▶ **Exercise details**
Locate the line bearing "real) \<Rightarrow> real \<Rightarrow>" in the material below, then reproduce it and each following line up to and including the line bearing "nat) \<Rightarrow> nat".

▶ **Task input**
(* Let $I\subseteq\mathbb{R}_+$ be a nonempty interval containing $0$ and let $f\colon I^n\to\mathbb{R}$. The following are equivalent: (i) $f$ is comonotonically modular; (ii) $f$ is invariant under horizontal min-differences; (iii) there exists $g\colon I^n\to\mathbb{R}$ such that for every $\sigma\in S_n$ and every $\mathbf{x}\in I^n_\sigma$, $$f(\mathbf{x})=g(\mathbf{0})+\sum_{i\in[n]}\Big(g\big(x_{\sigma(i)}\mathbf{1}_{A^\uparrow_\sigma(i)}\big)-g\big(x_{\sigma(i)}\mathbf{1}_{A^\uparrow_\sigma(i+1)}\big)\Big).$$ Moreover, in this case one can take $g=f$ in (iii).
   Context: Notation: $[n]=\{1,\ldots,n\}$; $S_n$ is the set of permutations of $[n]$; $\mathbf{1}_A$ is the indicator tuple of $A\subseteq[n]$, $\mathbf{0}=\mathbf{1}_\varnothing$. For $\sigma\in S_n$, $\mathbb{R}^n_\sigma=\{\mathbf{x}: x_{\sigma(1)}\leq\cdots\leq x_{\sigma(n)}\}$, $I^n_\sigma=I^n\cap\mathbb{R}^n_\sigma$, $A^\uparrow_\sigma(i)=\{\sigma(i),\ldots,\sigma(n)\}$, $A^\uparrow_\sigma(n+1)=\varnothing$. $\wedge,\vee$ denote componentwise min and max; $\mathbf{x}\wedge c$ is the tuple with components $\min(x_i,c)$. Two tuples $\mathbf{x},\mathbf{x}'\in I^n$ are comonotonic if $\mathbf{x},\mathbf{x}'\in I^n_\sigma$ for some $\sigma\in S_n$. A function $f\colon I^n\to\mathbb{R}$ is comonotonically modular if $f(\mathbf{x})+f(\mathbf{x}')=f(\mathbf{x}\wedge\mathbf{x}')+f(\mathbf{x}\vee\mathbf{x}')$ for all comonotonic $\mathbf{x},\mathbf{x}'\in I^n$. For $c\geq 0$, $[\mathbf{x}]_c$ is the tuple whose $i$th component is $0$ if $x_i\leq c$ and $x_i$ otherwise. For $I\subseteq\mathbb{R}_+$, $f$ is invariant under horizontal min-differences if $f(\mathbf{x})-f(\mathbf{x}\wedge c)=f([\mathbf{x}]_c)-f([\mathbf{x}]_c\wedge c)$ for all $\mathbf{x}\in I^n$, $c\in I$. *)

theory Defs
  imports "HOL-Analysis.Analysis" "HOL-Combinatorics.Permutations"
begin

definition tuples :: "nat \<Rightarrow> real set \<Rightarrow> (nat \<Rightarrow> real) set" where
  "tuples n I = PiE {1..n} (\<lambda>_. I)"

definition tuples_sigma :: "nat \<Rightarrow> real set \<Rightarrow> (nat \<Rightarrow> nat) \<Rightarrow> (nat \<Rightarrow> real) set" where
  "tuples_sigma n I \<sigma> = {x \<in> tuples n I. \<forall>i\<in>{1..<n}. x (\<sigma> i) \<le> x (\<sigma> (Suc i))}"

definition cmin :: "nat \<Rightarrow> (nat \<Rightarrow> real) \<Rightarrow> (nat \<Rightarrow> real) \<Rightarrow> (nat \<Rightarrow> real)" where
  "cmin n x y = restrict (\<lambda>i. min (x i) (y i)) {1..n}"

definition cmax :: "nat \<Rightarrow> (nat \<Rightarrow> real) \<Rightarrow> (nat \<Rightarrow> real) \<Rightarrow> (nat \<Rightarrow> real)" where
  "cmax n x y = restrict (\<lambda>i. max (x i) (y i)) {1..n}"

definition cminc :: "nat \<Rightarrow> (nat \<Rightarrow> real) \<Rightarrow> real \<Rightarrow> (nat \<Rightarrow> real)" where
  "cminc n x c = restrict (\<lambda>i. min (x i) c) {1..n}"

definition cutc :: "nat \<Rightarrow> real \<Rightarrow> (nat \<Rightarrow> real) \<Rightarrow> (nat \<Rightarrow> real)" where
  "cutc n c x = restrict (\<lambda>i. if x i \<le> c then 0 else x i) {1..n}"

definition scal_ind :: "nat \<Rightarrow> real \<Rightarrow> nat set \<Rightarrow> (nat \<Rightarrow> real)" where
  "scal_ind n c A = restrict (\<lambda>i. if i \<in> A then c else 0) {1..n}"

definition Aup :: "nat \<Rightarrow> (nat \<Rightarrow> nat) \<Rightarrow> nat \<Rightarrow> nat set" where
  "Aup n \<sigma> i = \<sigma> ` {i..n}"

definition comonotonic :: "nat \<Rightarrow> real set \<Rightarrow> (nat \<Rightarrow> real) \<Rightarrow> (nat \<Rightarrow> real) \<Rightarrow> bool" where
  "comonotonic n I x y \<longleftrightarrow>
     (\<exists>\<sigma>. \<sigma> permutes {1..n} \<and> x \<in> tuples_sigma n I \<sigma> \<and> y \<in> tuples_sigma n I \<sigma>)"

definition comon_modular :: "nat \<Rightarrow> real set \<Rightarrow> ((nat \<Rightarrow> real) \<Rightarrow> real) \<Rightarrow> bool" where
  "comon_modular n I f \<longleftrightarrow>
     (\<forall>x\<in>tuples n I. \<forall>y\<in>tuples n I. comonotonic n I x y \<longrightarrow>
        f x + f y = f (cmin n x y) + f (cmax n x y))"

definition horiz_min_inv :: "nat \<Rightarrow> real set \<Rightarrow> ((nat \<Rightarrow> real) \<Rightarrow> real) \<Rightarrow> bool" where
  "horiz_min_inv n I f \<longleftrightarrow>
     (\<forall>x\<in>tuples n I. \<forall>c\<in>I.
        f x - f (cminc n x c) = f (cutc n c x) - f (cminc n (cutc n c x) c))"

definition rep_by :: "nat \<Rightarrow> real set \<Rightarrow> ((nat \<Rightarrow> real) \<Rightarrow> real) \<Rightarrow> ((nat \<Rightarrow> real) \<Rightarrow> real) \<Rightarrow> bool" where
  "rep_by n I f g \<longleftrightarrow>
     (\<forall>\<sigma>. \<sigma> permutes {1..n} \<longrightarrow> (\<forall>x\<in>tuples_sigma n I \<sigma>.
        f x = g (scal_ind n 0 {}) +
          (\<Sum>i\<in>{1..n}. g (scal_ind n (x (\<sigma> i)) (Aup n \<sigma> i))
                       - g (scal_ind n (x (\<sigma> i)) (Aup n \<sigma> (Suc i))))))"

end

theory Submission
  imports Defs
begin

(* Fix a permutation sigma of [n] and a tuple x in I^n_sigma.  The "upper parts"
   x^(k) of x, obtained by zeroing all components outside A_sigma(k), form a chain from
   x^(1) = x down to x^(n+1) = 0, so f(x) - f(0) telescopes into the layer differences
   f(x^(k)) - f(x^(k+1)).  Both comonotonic modularity (applied to x_sigma(k) 1_{A_sigma(k)} and
   x^(k+1)) and invariance under horizontal min-differences (applied to x^(k) and x^(k+1) with
   c = x_sigma(k)) show that this layer difference equals
   f(x_sigma(k) 1_{A_sigma(k)}) - f(x_sigma(k) 1_{A_sigma(k+1)}); hence (i) and (ii) each give the
   representation (iii) with g = f.  Conversely, a representation by g writes f on I^n_sigma as a
   constant plus a sum of functions of the single values x_sigma(i); such an expression satisfies
   f x + f y = f u + f v whenever u, v, x, y are sorted by sigma and the pairs
   {x_sigma(i), y_sigma(i)} and {u_sigma(i), v_sigma(i)} agree for every i.  Both (i) and (ii) are
   identities of this kind, which closes the cycle of implications. *)

lemma mem_Aup_iff:
  assumes "\<sigma> permutes {1..n}" and "i \<in> {1..n}"
  shows "\<sigma> i \<in> Aup n \<sigma> k \<longleftrightarrow> k \<le> i"
  using assms permutes_inj[OF assms(1)] by (auto simp: Aup_def inj_image_mem_iff)

lemma Aup_first: "\<sigma> permutes {1..n} \<Longrightarrow> Aup n \<sigma> 1 = {1..n}"
  by (simp add: Aup_def permutes_image)

lemma Aup_last: "Aup n \<sigma> (Suc n) = {}"
  by (simp add: Aup_def)

lemma tuple_eq_along_perm:
  assumes "\<sigma> permutes {1..n}" and "u \<in> extensional {1..n}" and "v \<in> extensional {1..n}"
    and "\<And>i. i \<in> {1..n} \<Longrightarrow> u (\<sigma> i) = v (\<sigma> i)"
  shows "u = v"
proof (rule extensionalityI[OF assms(2,3)])
  fix j assume "j \<in> {1..n}"
  then obtain i where "i \<in> {1..n}" "j = \<sigma> i"
    using permutes_image[OF assms(1)] by blast
  then show "u j = v j" using assms(4) by simp
qed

▶ **Solved problem**
definition cminc :: "nat \<Rightarrow> (nat \<Rightarrow> real) \<Rightarrow> real \<Rightarrow> (nat \<Rightarrow> real)" where
  "cminc n x c = restrict (\<lambda>i. min (x i) c) {1..n}"

definition cutc :: "nat \<Rightarrow> real \<Rightarrow> (nat \<Rightarrow> real) \<Rightarrow> (nat \<Rightarrow> real)" where
  "cutc n c x = restrict (\<lambda>i. if x i \<le> c then 0 else x i) {1..n}"

definition scal_ind :: "nat \<Rightarrow> real \<Rightarrow> nat set \<Rightarrow> (nat \<Rightarrow> real)" where
  "scal_ind n c A = restrict (\<lambda>i. if i \<in> A then c else 0) {1..n}"

definition Aup :: "nat \<Rightarrow> (nat \<Rightarrow> nat) \<Rightarrow> nat \<Rightarrow> nat set" where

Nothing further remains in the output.